START Working data

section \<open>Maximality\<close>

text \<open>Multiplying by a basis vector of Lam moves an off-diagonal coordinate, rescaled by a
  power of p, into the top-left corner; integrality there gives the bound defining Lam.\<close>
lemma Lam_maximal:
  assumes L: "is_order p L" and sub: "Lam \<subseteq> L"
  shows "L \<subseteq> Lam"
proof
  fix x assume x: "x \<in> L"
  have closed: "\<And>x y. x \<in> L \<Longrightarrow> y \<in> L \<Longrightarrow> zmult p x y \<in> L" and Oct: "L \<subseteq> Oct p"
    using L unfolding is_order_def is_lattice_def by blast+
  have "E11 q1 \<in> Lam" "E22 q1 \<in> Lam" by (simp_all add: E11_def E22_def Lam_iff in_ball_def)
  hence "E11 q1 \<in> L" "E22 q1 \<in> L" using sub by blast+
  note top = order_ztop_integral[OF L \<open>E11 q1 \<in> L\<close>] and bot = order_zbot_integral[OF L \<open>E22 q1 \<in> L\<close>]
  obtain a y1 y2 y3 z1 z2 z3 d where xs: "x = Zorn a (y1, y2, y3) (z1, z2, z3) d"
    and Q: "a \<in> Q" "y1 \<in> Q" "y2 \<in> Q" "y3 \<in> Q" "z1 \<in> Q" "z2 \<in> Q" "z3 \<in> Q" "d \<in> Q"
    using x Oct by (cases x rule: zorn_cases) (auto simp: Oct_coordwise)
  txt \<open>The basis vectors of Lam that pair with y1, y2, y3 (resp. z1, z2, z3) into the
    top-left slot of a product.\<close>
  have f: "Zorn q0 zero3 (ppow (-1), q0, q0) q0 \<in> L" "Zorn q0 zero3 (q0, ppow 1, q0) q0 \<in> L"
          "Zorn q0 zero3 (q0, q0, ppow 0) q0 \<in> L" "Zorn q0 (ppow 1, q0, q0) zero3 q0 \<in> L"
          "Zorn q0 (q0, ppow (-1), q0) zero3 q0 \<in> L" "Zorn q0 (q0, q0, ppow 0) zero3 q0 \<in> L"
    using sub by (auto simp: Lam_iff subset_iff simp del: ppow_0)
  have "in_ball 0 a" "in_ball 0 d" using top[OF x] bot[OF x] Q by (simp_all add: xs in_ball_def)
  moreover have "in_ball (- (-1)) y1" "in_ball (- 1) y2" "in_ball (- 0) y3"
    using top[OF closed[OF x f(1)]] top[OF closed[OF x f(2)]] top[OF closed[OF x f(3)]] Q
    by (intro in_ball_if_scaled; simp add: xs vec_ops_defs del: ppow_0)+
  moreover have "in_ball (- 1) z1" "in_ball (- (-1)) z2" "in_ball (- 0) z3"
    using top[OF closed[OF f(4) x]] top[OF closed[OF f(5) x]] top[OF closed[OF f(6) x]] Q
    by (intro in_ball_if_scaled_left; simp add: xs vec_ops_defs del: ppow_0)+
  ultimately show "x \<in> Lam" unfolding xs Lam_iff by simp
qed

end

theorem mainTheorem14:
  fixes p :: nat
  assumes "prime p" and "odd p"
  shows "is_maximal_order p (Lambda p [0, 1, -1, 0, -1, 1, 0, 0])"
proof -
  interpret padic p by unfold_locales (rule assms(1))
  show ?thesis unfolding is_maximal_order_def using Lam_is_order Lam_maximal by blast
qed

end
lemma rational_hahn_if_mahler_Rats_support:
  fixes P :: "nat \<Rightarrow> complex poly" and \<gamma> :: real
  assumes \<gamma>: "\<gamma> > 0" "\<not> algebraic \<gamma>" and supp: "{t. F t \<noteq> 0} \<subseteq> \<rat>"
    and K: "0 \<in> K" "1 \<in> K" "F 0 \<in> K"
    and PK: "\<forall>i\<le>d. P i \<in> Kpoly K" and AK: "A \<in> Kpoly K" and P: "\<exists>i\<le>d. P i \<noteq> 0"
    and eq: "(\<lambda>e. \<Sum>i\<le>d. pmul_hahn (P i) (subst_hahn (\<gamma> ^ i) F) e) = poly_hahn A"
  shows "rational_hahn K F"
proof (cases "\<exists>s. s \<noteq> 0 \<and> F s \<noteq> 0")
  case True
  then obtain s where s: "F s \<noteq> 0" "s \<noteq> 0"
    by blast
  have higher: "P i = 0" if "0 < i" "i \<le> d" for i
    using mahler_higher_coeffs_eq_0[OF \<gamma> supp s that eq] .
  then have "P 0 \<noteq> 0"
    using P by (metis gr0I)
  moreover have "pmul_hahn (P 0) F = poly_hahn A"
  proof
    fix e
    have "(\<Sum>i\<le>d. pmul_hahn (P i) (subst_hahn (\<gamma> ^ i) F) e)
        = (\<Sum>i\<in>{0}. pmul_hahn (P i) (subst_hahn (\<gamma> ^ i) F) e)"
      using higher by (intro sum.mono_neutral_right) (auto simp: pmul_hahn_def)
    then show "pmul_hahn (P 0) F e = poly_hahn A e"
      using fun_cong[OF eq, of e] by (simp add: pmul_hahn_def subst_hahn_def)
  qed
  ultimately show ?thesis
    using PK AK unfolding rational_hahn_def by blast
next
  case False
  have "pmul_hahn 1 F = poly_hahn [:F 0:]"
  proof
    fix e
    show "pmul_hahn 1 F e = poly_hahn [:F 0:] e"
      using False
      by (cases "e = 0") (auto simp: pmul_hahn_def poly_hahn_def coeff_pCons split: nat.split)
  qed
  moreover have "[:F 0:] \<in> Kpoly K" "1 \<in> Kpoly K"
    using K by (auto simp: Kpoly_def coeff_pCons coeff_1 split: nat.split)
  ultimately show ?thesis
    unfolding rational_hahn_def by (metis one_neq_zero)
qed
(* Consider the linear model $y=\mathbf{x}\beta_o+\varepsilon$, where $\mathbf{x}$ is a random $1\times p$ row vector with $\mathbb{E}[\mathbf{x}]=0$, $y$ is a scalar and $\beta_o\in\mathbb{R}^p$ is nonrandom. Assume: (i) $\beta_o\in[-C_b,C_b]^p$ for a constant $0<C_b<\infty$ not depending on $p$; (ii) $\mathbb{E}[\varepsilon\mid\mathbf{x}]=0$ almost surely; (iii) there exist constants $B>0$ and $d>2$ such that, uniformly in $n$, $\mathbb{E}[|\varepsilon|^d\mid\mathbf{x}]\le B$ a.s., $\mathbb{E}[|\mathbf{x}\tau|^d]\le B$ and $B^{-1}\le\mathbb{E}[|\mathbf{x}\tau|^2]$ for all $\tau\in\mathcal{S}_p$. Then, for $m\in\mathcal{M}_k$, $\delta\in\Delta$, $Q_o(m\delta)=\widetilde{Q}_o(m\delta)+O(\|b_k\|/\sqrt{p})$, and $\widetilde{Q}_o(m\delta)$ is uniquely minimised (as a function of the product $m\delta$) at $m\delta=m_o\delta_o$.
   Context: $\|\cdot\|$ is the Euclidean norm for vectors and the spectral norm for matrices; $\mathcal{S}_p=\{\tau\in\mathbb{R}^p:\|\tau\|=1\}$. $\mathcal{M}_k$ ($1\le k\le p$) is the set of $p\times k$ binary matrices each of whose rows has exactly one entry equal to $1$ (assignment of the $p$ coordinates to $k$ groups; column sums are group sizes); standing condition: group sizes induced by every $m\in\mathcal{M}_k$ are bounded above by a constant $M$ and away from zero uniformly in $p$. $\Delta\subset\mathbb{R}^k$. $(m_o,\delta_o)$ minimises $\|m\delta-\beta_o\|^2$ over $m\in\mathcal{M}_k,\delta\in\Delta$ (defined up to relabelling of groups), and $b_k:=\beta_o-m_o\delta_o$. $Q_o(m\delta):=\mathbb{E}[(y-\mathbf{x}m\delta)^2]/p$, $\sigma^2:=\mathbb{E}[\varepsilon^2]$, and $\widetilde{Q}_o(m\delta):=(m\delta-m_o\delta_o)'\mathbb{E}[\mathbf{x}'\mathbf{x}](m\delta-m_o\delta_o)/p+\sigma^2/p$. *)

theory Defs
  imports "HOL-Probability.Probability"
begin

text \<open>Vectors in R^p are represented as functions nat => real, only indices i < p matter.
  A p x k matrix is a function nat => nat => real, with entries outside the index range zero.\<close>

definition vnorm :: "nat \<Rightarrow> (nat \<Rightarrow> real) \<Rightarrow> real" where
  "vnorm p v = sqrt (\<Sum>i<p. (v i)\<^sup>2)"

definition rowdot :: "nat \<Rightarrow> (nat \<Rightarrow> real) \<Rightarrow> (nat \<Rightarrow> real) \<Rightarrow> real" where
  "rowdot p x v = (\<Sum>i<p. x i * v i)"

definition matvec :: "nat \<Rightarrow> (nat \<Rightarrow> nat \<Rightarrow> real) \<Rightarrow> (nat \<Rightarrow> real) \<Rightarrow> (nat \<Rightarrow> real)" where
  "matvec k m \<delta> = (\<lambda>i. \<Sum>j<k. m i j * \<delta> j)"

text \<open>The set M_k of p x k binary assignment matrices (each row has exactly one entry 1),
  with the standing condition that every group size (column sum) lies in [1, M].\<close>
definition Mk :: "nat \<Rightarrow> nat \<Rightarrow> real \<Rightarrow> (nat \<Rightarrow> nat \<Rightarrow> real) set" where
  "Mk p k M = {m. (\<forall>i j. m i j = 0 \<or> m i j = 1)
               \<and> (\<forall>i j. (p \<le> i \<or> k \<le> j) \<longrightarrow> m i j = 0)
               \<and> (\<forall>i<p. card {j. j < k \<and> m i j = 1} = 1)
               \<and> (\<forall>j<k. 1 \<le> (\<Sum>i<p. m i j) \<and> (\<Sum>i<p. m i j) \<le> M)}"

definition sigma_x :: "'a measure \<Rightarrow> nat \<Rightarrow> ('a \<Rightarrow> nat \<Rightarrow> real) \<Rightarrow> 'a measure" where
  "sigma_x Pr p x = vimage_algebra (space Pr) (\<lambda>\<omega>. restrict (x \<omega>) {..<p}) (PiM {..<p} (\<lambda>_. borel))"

END Working data

▶ _Problem to work on_:
Restate exactly, and only, every line from the one that contains "j) \<longrightarrow> m i j = 0)" through the last line of the records.

▶ _Result_:
               \<and> (\<forall>i j. (p \<le> i \<or> k \<le> j) \<longrightarrow> m i j = 0)
               \<and> (\<forall>i<p. card {j. j < k \<and> m i j = 1} = 1)
               \<and> (\<forall>j<k. 1 \<le> (\<Sum>i<p. m i j) \<and> (\<Sum>i<p. m i j) \<le> M)}"

definition sigma_x :: "'a measure \<Rightarrow> nat \<Rightarrow> ('a \<Rightarrow> nat \<Rightarrow> real) \<Rightarrow> 'a measure" where
  "sigma_x Pr p x = vimage_algebra (space Pr) (\<lambda>\<omega>. restrict (x \<omega>) {..<p}) (PiM {..<p} (\<lambda>_. borel))"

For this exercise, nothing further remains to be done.